More generally, the two chain stays, two seat stays, seat
tube, and rear axle form a tetrahedron. In a tetrahedron
with rigid members the joints could be pinned without
compromising the strength of the structure, making the
tetrahedron an efficient spacial structure. Analogously,
a triangle of rigid members can be pinned at the joints
and yet be very strong in its plane. Contrast this with a
pinned square; it will flop around when subject to stress.

In the real world the rigid members actually flex;
therefore the joints must be built to resist this flex. So
we put a bridge between the chain stays near the bottom
bracket, and a bridge between the seat stays near the seat
tube.

Amit said that (he heard that) the bike would be rideable without
the seatstays. This is probably true. However, I believe it
would last longer with the seatstays. W/o seatstays, the chainstays
will flex more at the BB joint and fatigue quicker. I'm thinking
of torque about the crank axle that is applied when the bike
goes over a bump - that is what the seatstays resist.
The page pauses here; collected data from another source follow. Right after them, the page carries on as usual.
theorem theoremC1:
  fixes M :: "nat \<Rightarrow> 'a measure"
    and n :: "nat \<Rightarrow> nat"
    and X :: "nat \<Rightarrow> nat \<Rightarrow> nat \<Rightarrow> real"
    and \<beta> z :: "nat \<Rightarrow> nat \<Rightarrow> 'a \<Rightarrow> real"
    and \<rho> \<theta> r t' :: real
  assumes rho: "-1 < \<rho>" "\<rho> < 1"
    and theta: "0 < \<theta>" "\<theta> < 1"
    and r: "r > 0"
    and t': "t' > 0"
    and prob: "\<And>p. p \<ge> 2 \<Longrightarrow> prob_space (M p)"
    and gram: "\<And>p j k. p \<ge> 2 \<Longrightarrow> j < p \<Longrightarrow> k < p \<Longrightarrow>
               (\<Sum>i<n p. X p i j * X p i k) = block_gram \<rho> j k"
    and indep: "\<And>p. p \<ge> 2 \<Longrightarrow> prob_space.indep_vars (M p) (\<lambda>_. borel)
               (\<lambda>v. case v of Inl j \<Rightarrow> \<beta> p j | Inr i \<Rightarrow> z p i) ({..<p} <+> {..<n p})"
    and noise: "\<And>p i. p \<ge> 2 \<Longrightarrow> i < n p \<Longrightarrow>
               distributed (M p) lborel (z p i) (\<lambda>x. ennreal (std_normal_density x))"
    and beta_nz: "\<And>p j. p \<ge> 2 \<Longrightarrow> j < p \<Longrightarrow>
               measure (M p) {\<omega> \<in> space (M p). \<beta> p j \<omega> = sqrt (2 * r * ln (real p))}
                 = real p powr (-\<theta>)"
    and beta_z: "\<And>p j. p \<ge> 2 \<Longrightarrow> j < p \<Longrightarrow>
               measure (M p) {\<omega> \<in> space (M p). \<beta> p j \<omega> = 0} = 1 - real p powr (-\<theta>)"
  shows "multi_log (\<lambda>p.
           (\<Sum>j<p. measure (M p) {\<omega> \<in> space (M p). \<beta> p j \<omega> = 0 \<and>
               \<bar>marg_score (X p) (n p) p (\<beta> p) (z p) j \<omega>\<bar> > t' * sqrt (2 * ln (real p))})
           / real p powr (1 - min (t'\<^sup>2) (\<theta> + (max 0 (t' - \<bar>\<rho>\<bar> * sqrt r))\<^sup>2)))
       \<and> multi_log (\<lambda>p.
           (\<Sum>j<p. measure (M p) {\<omega> \<in> space (M p). \<beta> p j \<omega> = sqrt (2 * r * ln (real p)) \<and>
               \<not> \<bar>marg_score (X p) (n p) p (\<beta> p) (z p) j \<omega>\<bar> > t' * sqrt (2 * ln (real p))})
           / real p powr (1 - min (\<theta> + (max 0 (sqrt r - t'))\<^sup>2)
                                   (2 * \<theta> + (max 0 ((1 + \<rho>) * sqrt r - t'))\<^sup>2)))"
proof -
  define q where "q p = real p powr (-\<theta>)" for p :: nat
  define FP where "FP p = (\<Sum>j<p. measure (M p) {\<omega> \<in> space (M p). \<beta> p j \<omega> = 0 \<and>
      \<bar>marg_score (X p) (n p) p (\<beta> p) (z p) j \<omega>\<bar> > t' * sqrt_2ln p})" for p
  define FN where "FN p = (\<Sum>j<p. measure (M p) {\<omega> \<in> space (M p). \<beta> p j \<omega> = sqrt (2 * r * ln (real p)) \<and>
      \<not> \<bar>marg_score (X p) (n p) p (\<beta> p) (z p) j \<omega>\<bar> > t' * sqrt_2ln p})" for p
  define G1 where "G1 p = (1 - q p) * ((1 - q p) * shifted_tail_prob 0 t' p
      + q p * shifted_tail_prob (\<rho> * sqrt r) t' p)" for p
  define G2 where "G2 p = q p * ((1 - q p) * shifted_core_prob (sqrt r) t' p
      + q p * shifted_core_prob ((1 + \<rho>) * sqrt r) t' p)" for p
  have model: "marginal_regression_model (M p) (\<beta> p) (z p) p (n p) (X p) \<rho> (sqrt (2 * r * ln (real p))) (q p)"
    if "p \<ge> 2" for p
  proof (intro marginal_regression_model.intro coefficients_and_noise.intro
      marginal_regression_model_axioms.intro coefficients_and_noise_axioms.intro)
    show "sqrt (2 * r * ln (real p)) \<noteq> 0"
      using that r by simp
  qed (use that prob gram indep noise beta_nz beta_z in \<open>simp_all add: q_def\<close>)
  have "(\<lambda>p. q p) \<longlonglongrightarrow> 0"
    unfolding q_def using theta(1) by real_asymp
  then have "eventually (\<lambda>p. q p < 1/2) sequentially"
    by (rule order_tendstoD(2)) simp
  then have "eventually (\<lambda>p. 2 \<le> p \<and> q p \<le> 1/2) sequentially"
    using eventually_ge_at_top[of 2] by eventually_elim simp
  then have bounds: "eventually (\<lambda>p. (real (p - 1) * G1 p \<le> FP p \<and> FP p \<le> 2 * real p * G1 p)
      \<and> (real (p - 1) * G2 p \<le> FN p \<and> FN p \<le> 2 * real p * G2 p)) sequentially"
  proof eventually_elim
    case (elim p)
    then interpret marginal_regression_model "M p" "\<beta> p" "z p" p "n p" "X p" \<rho> "sqrt (2 * r * ln (real p))" "q p"
      by (intro model) simp
    have "sqrt (2 * r * ln (real p)) = sqrt r * sqrt_2ln p"
      by (simp add: real_sqrt_mult[symmetric] mult_ac)
    then show ?case
      using false_positive_sum_bounds[of r t'] false_negative_sum_bounds[of r t'] elim
      unfolding FP_def FN_def G1_def G2_def by simp
  qed
  have "has_rate G1 (- min (t'\<^sup>2) (\<theta> + (max 0 (t' - \<bar>\<rho>\<bar> * sqrt r))\<^sup>2))"
    unfolding G1_def q_def using has_rate_false_positive_weight theta(1) t' r by simp
  then have "has_rate FP (1 + - min (t'\<^sup>2) (\<theta> + (max 0 (t' - \<bar>\<rho>\<bar> * sqrt r))\<^sup>2))"
    by (rule has_rate_linear_sandwich) (use bounds in \<open>auto elim: eventually_mono\<close>)
  moreover have "has_rate G2 (- min (\<theta> + (max 0 (sqrt r - t'))\<^sup>2) (2 * \<theta> + (max 0 ((1 + \<rho>) * sqrt r - t'))\<^sup>2))"
    unfolding G2_def q_def using has_rate_false_negative_weight theta(1) t' r rho(1) by simp
  then have "has_rate FN (1 + - min (\<theta> + (max 0 (sqrt r - t'))\<^sup>2) (2 * \<theta> + (max 0 ((1 + \<rho>) * sqrt r - t'))\<^sup>2))"
    by (rule has_rate_linear_sandwich) (use bounds in \<open>auto elim: eventually_mono\<close>)
  ultimately show ?thesis
    unfolding FP_def FN_def by (auto dest!: has_rate_imp_multi_log)
qed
Torque
about the axis that runs from rear hub to the BB shell is applied
by pedaling force/chain tension, not by the rear wheel, and causes
torsion in the BB shell, independent of the seatstay arrangement.

Seatstays don't bear a lot of stress and this is why, even on a
classic bike, they can be made of pretty skinny lightweight tubing.

The seatstay and chainstay bridges are not there to resist pedaling
induced flex in the rear triangle.

First of all, for this analysis the model of a rear
triangle is insufficient. We need to consider the space
structure for what it is--a tetrahedron. The various
forces have components in three dimensions.

We have had several reports here of fatigue failure at the
chain stay bridge; enough to suppose that there could be
large stresses at this joint sufficient to require its
inclusion.

Finite element analysis shows that the bottom bracket and
bottom bracket joints are the most critical for reducing
frame flex.

I am puzzled how you think that the stresses here are so
small as to render the chain bridge superfluous. Could a
frame builder chime in here?


They are there to provide a
convenient place to attach fenders. The seatstay bridge is also
a useful place to put a rear caliper brake, and it does help reduce
flex of the stays with a rear cantilever brake. The bridges are
usually made of small diameter tubing that is not very stiff in bending
(much less so than the chainstays) and would not add much to the
stiffness of the rear triangle. Bicycles have been constructed without
seatstay or chainstay bridges, with no ill effects. Other than the
difficulty of attaching fenders (and getting the rear tire stuck
between the chainstays when removing the wheel).

--
Michael Press

Michael Press wrote:

First of all, for this analysis the model of a rear
triangle is insufficient. We need to consider the space
structure for what it is--a tetrahedron. The various
forces have components in three dimensions.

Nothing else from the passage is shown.